* [What is needed]
Write out the following listing's lines from the one with "using growth_le_growth_mult_pow[OF assms(1), of" to the one with "using assms by auto", exactly, with both included and no others.

* [Data to process]

========================================

lemma pow_mult_growth_le_half:
  assumes "1 < growth d" "d \<le> 4 * a"
  shows "(5/6::real) ^ (a div 10) * growth d \<le> 1/2"
proof -
  define l where "l = floor_log d"
  have l31: "31 \<le> l"
    using floor_log_ge_31_if_growth_gt_1 assms(1) by (simp add: l_def)
  then have "d \<noteq> 0"
    by (cases "d = 0") (auto simp: l_def)
  then have "2 ^ 2 * 2 ^ (l - 2) \<le> 4 * a"
    using pow2_floor_log_le[of d 2] assms(2) l31 by (simp add: l_def)
  then have "40 * (l\<^sup>2 + 2) \<le> a"
    using pow2_ge_square[OF l31] by simp
  then have q: "l\<^sup>2 + 1 \<le> a div 40"
    by (simp add: less_eq_div_iff_mult_less_eq)
  have "4 * (a div 40) \<le> a div 10"
    using div_mult2_eq[of a 10 4] times_div_less_eq_dividend[of "a div 10" 4] by (simp add: mult.commute)
  then have "(5/6::real) ^ (a div 10) \<le> ((5/6) ^ 4) ^ (a div 40)"
    by (simp add: power_mult[symmetric] power_decreasing)
  also have "\<dots> \<le> (1/2) ^ (a div 40)"
    by (intro power_mono) (simp_all add: power_divide)
  also have "\<dots> \<le> (1/2) ^ (l\<^sup>2 + 1)"
    using q by (intro power_decreasing) simp_all
  finally have "(5/6::real) ^ (a div 10) * growth d \<le> (1/2) ^ (l\<^sup>2 + 1) * 2 ^ l\<^sup>2"
    using growth_le_pow[of d] growth_pos[of d] by (intro mult_mono) (auto simp: l_def)
  also have "\<dots> = 1/2"
    by (simp add: power_add power_one_over)
  finally show ?thesis .
qed

lemma add_div_le: "(A + B) div (m::nat) \<le> A div m + B div m + 1"
proof (cases "m = 0")
  case False
  have "A mod m + B mod m < 2 * m"
    using mod_less_divisor[of m A] mod_less_divisor[of m B] False by linarith
  then have "(A mod m + B mod m) div m < 2"
    by (intro less_mult_imp_div_less) (simp add: mult.commute)
  then show ?thesis
    using div_add1_eq[of A B m] by linarith
qed simp

lemma growth_le_growth_mult_pow:
  assumes "1 < growth d" "d \<le> 8 * m"
  shows "growth d \<le> growth m * 2 ^ (floor_log d div 8 + 1)"
proof -
  define l where "l = floor_log d"
  have l31: "31 \<le> l"
    using floor_log_ge_31_if_growth_gt_1 assms(1) by (simp add: l_def)
  then have "d \<noteq> 0"
    by (cases "d = 0") (auto simp: l_def)
  then have "2 ^ 3 * 2 ^ (l - 3) \<le> 8 * m"
    using pow2_floor_log_le[of d 3] assms(2) l31 by (simp add: l_def)
  then have "floor_log (2 ^ (l - 3)) \<le> floor_log m"
    by (intro floor_log_le_iff) simp
  then have "l - 27 \<le> floor_log m - 24"
    by simp
  then have "(l - 27)\<^sup>2 \<le> (floor_log m - 24)\<^sup>2"
    by (rule power_mono) simp
  moreover have "(l - 24)\<^sup>2 \<le> (l - 27)\<^sup>2 + 6 * l"
  proof -
    define y where "y = l - 27"
    have "l = y + 27"
      using l31 by (simp add: y_def)
    then show ?thesis
      by (simp add: power2_eq_square algebra_simps)
  qed
  ultimately have "(l - 24)\<^sup>2 div 48 \<le> ((floor_log m - 24)\<^sup>2 + 6 * l) div 48"
    by (intro div_le_mono) linarith
  also have "\<dots> \<le> (floor_log m - 24)\<^sup>2 div 48 + (l div 8 + 1)"
    using add_div_le[of "(floor_log m - 24)\<^sup>2" "6 * l" 48] by simp
  finally have "(2::real) ^ ((l - 24)\<^sup>2 div 48) \<le> 2 ^ ((floor_log m - 24)\<^sup>2 div 48 + (l div 8 + 1))"
    by (intro power_increasing) simp_all
  then show ?thesis
    unfolding growth_def l_def power_add .
qed

text \<open>The width \<open>s + 1 = 2\<^bsup>\<lfloor>log d\<rfloor> div 2 - 3\<^esup>\<close> is about \<open>\<surd>d / 8\<close>: small enough for anticoncentration
  in parts of size \<open>d / 8\<close>, large enough to pay for the loss \<open>2\<^bsup>log d / 8 + 1\<^esup>\<close> in the growth.\<close>

lemma anticoncentration_parameter:
  assumes "1 < growth d" "d \<le> 8 * t" "t \<le> m"
  obtains s where "4 * s * (s + 1) \<le> t" "8/3 * growth d \<le> growth m * real (s + 1)"
proof
  define l where "l = floor_log d"
  define s where "s = 2 ^ (l div 2 - 3) - (1::nat)"
  have l31: "31 \<le> l"
    using floor_log_ge_31_if_growth_gt_1 assms(1) by (simp add: l_def)
  have s1: "s + 1 = 2 ^ (l div 2 - 3)"
    by (simp add: s_def)
  have "d \<noteq> 0"
    using l31 by (cases "d = 0") (auto simp: l_def)
  then have "8 * 2 ^ (l - 3) \<le> d"
    using pow2_floor_log_le[of d 3] l31 by (simp add: l_def)
  then have pow_le_t: "2 ^ (l - 3) \<le> t"
    using assms(2) by linarith
  have "4 * s * (s + 1) \<le> 4 * (s + 1) * (s + 1)"
    by (intro mult_le_mono) auto
  also have "\<dots> = 2 ^ (2 + (l div 2 - 3) + (l div 2 - 3))"
    unfolding s1 power_add by simp
  also have "\<dots> \<le> 2 ^ (l - 3)"
    using l31 by (intro power_increasing) auto
  also note pow_le_t
  finally show "4 * s * (s + 1) \<le> t" .
  have "growth d \<le> growth m * 2 ^ (l div 8 + 1)"
    using growth_le_growth_mult_pow[OF assms(1), of m] assms(2,3) by (simp add: l_def)
  then have "8/3 * growth d \<le> growth m * (8/3 * 2 ^ (l div 8 + 1))"
    by simp
  also have "8/3 * 2 ^ (l div 8 + 1) \<le> (2::real) ^ (l div 8 + 3)"
    by (simp add: power_add)
  also have "\<dots> \<le> 2 ^ (l div 2 - 3)"
    using l31 by (intro power_increasing) auto
  also have "\<dots> = real (s + 1)"
    unfolding s1 by simp
  finally show "8/3 * growth d \<le> growth m * real (s + 1)"
    using growth_pos[of m] by (simp add: mult_left_mono)
qed

text \<open>\<open>potential L d\<close> is the lower bound on the number of leaves of an expression for the words
  of length \<open>L\<close> and weight \<open>d\<close> that the induction below establishes.\<close>

definition potential :: "nat \<Rightarrow> nat \<Rightarrow> real" where
  "potential L d = (if min d (L - d) = 0 then 1
     else real L * growth (min d (L - d)) / real (min d (L - d)))"

lemma potential_nonneg: "0 \<le> potential L d"
  by (simp add: potential_def growth_pos less_imp_le)

lemma potential_diff:
  assumes "d \<le> L"
  shows "potential L (L - d) = potential L d"
proof -
  have "min (L - d) (L - (L - d)) = min d (L - d)"
    using assms by simp
  then show ?thesis
    unfolding potential_def by (simp only:)
qed

lemma potential_add_ge:
  assumes "1 \<le> a"
  shows "real (a + b) * growth (min a b) / real a \<le> potential (a + b) a"
proof (cases "b = 0")
  case True
  then show ?thesis
    using assms by (simp add: potential_def growth_0)
next
  case False
  then have "min a (a + b - a) = min a b" "min a b \<noteq> 0"
    using assms by auto
  then have "potential (a + b) a = real (a + b) * growth (min a b) / real (min a b)"
    unfolding potential_def by (simp only: if_False)
  moreover have "real (a + b) * growth (min a b) / real a
      \<le> real (a + b) * growth (min a b) / real (min a b)"
    using False assms growth_pos[of "min a b"] by (intro divide_left_mono) auto
  ultimately show ?thesis
    by simp
qed

section \<open>The splitting inequality\<close>

lemma choose_mult_choose_markov:
  assumes "1 \<le> a"
  shows "real (a + b + c + e) * real a * (real (a + b choose a) * real (c + e choose c))
    \<le> real (a + b) * real (a + c) * real (a + b + c + e choose (a + c))"
proof -
  define N where "N = real (a + b) * real (a + c)"
  define M where "M = real (a + b + c + e) * real a"
  have "0 < M"
    using assms by (simp add: M_def)
  have "M * (real (a + b choose a) * real (c + e choose c))
      \<le> M * (real (a + b + c + e choose (a + c)) * (N / M))"
    using choose_mult_choose_le_pow[of 1 a b c e] assms \<open>0 < M\<close>
    by (intro mult_left_mono) (simp_all add: N_def M_def)
  also have "\<dots> = N * real (a + b + c + e choose (a + c))"
    using \<open>0 < M\<close> by simp
  finally show ?thesis
    by (simp add: N_def M_def)
qed

lemma splitting_upper_tail:
  fixes a b c e :: nat
  defines "L \<equiv> a + b + c + e" and "d \<equiv> a + c" and "l \<equiv> a + b"
    and "X \<equiv> real (a + b choose a) * real (c + e choose c)"
  assumes "1 < growth d" "1 \<le> a" "c \<le> 3 * a"
    and deviation: "4 * (real l * real d) \<le> 3 * (real L * real a)"
  shows "real L * growth d * real a * X \<le> real l * real d * growth (min a b) * real (L choose d)"
proof -
  have "real L * real a * X \<le> 10/9 * real l * real d * real (L choose d) * (5/6) ^ (a div 10)"
    using choose_mult_choose_le_decay[of a b c e] assms by simp
  then have "real L * growth d * real a * X
      \<le> 10/9 * real l * real d * real (L choose d) * ((5/6) ^ (a div 10) * growth d)"
    using growth_pos[of d] by (simp add: mult_right_mono mult.commute mult.left_commute)
  also have "\<dots> \<le> 10/9 * real l * real d * real (L choose d) * (1/2)"
    using pow_mult_growth_le_half[of d a] assms by (intro mult_left_mono) auto
  also have "\<dots> \<le> real l * real d * real (L choose d) * 1"
    by simp
  also have "\<dots> \<le> real l * real d * real (L choose d) * growth (min a b)"
    by (rule mult_left_mono[OF growth_ge_1]) simp
  finally show ?thesis
    by (simp only: ac_simps)
qed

========================================

* [Exercise answer]
    using growth_le_growth_mult_pow[OF assms(1), of m] assms(2,3) by (simp add: l_def)
  then have "8/3 * growth d \<le> growth m * (8/3 * 2 ^ (l div 8 + 1))"
    by simp
  also have "8/3 * 2 ^ (l div 8 + 1) \<le> (2::real) ^ (l div 8 + 3)"
    by (simp add: power_add)
  also have "\<dots> \<le> 2 ^ (l div 2 - 3)"
    using l31 by (intro power_increasing) auto
  also have "\<dots> = real (s + 1)"
    unfolding s1 by simp
  finally show "8/3 * growth d \<le> growth m * real (s + 1)"
    using growth_pos[of m] by (simp add: mult_left_mono)
qed

text \<open>\<open>potential L d\<close> is the lower bound on the number of leaves of an expression for the words
  of length \<open>L\<close> and weight \<open>d\<close> that the induction below establishes.\<close>

definition potential :: "nat \<Rightarrow> nat \<Rightarrow> real" where
  "potential L d = (if min d (L - d) = 0 then 1
     else real L * growth (min d (L - d)) / real (min d (L - d)))"

lemma potential_nonneg: "0 \<le> potential L d"
  by (simp add: potential_def growth_pos less_imp_le)

lemma potential_diff:
  assumes "d \<le> L"
  shows "potential L (L - d) = potential L d"
proof -
  have "min (L - d) (L - (L - d)) = min d (L - d)"
    using assms by simp
  then show ?thesis
    unfolding potential_def by (simp only:)
qed

lemma potential_add_ge:
  assumes "1 \<le> a"
  shows "real (a + b) * growth (min a b) / real a \<le> potential (a + b) a"
proof (cases "b = 0")
  case True
  then show ?thesis
    using assms by (simp add: potential_def growth_0)
next
  case False
  then have "min a (a + b - a) = min a b" "min a b \<noteq> 0"
    using assms by auto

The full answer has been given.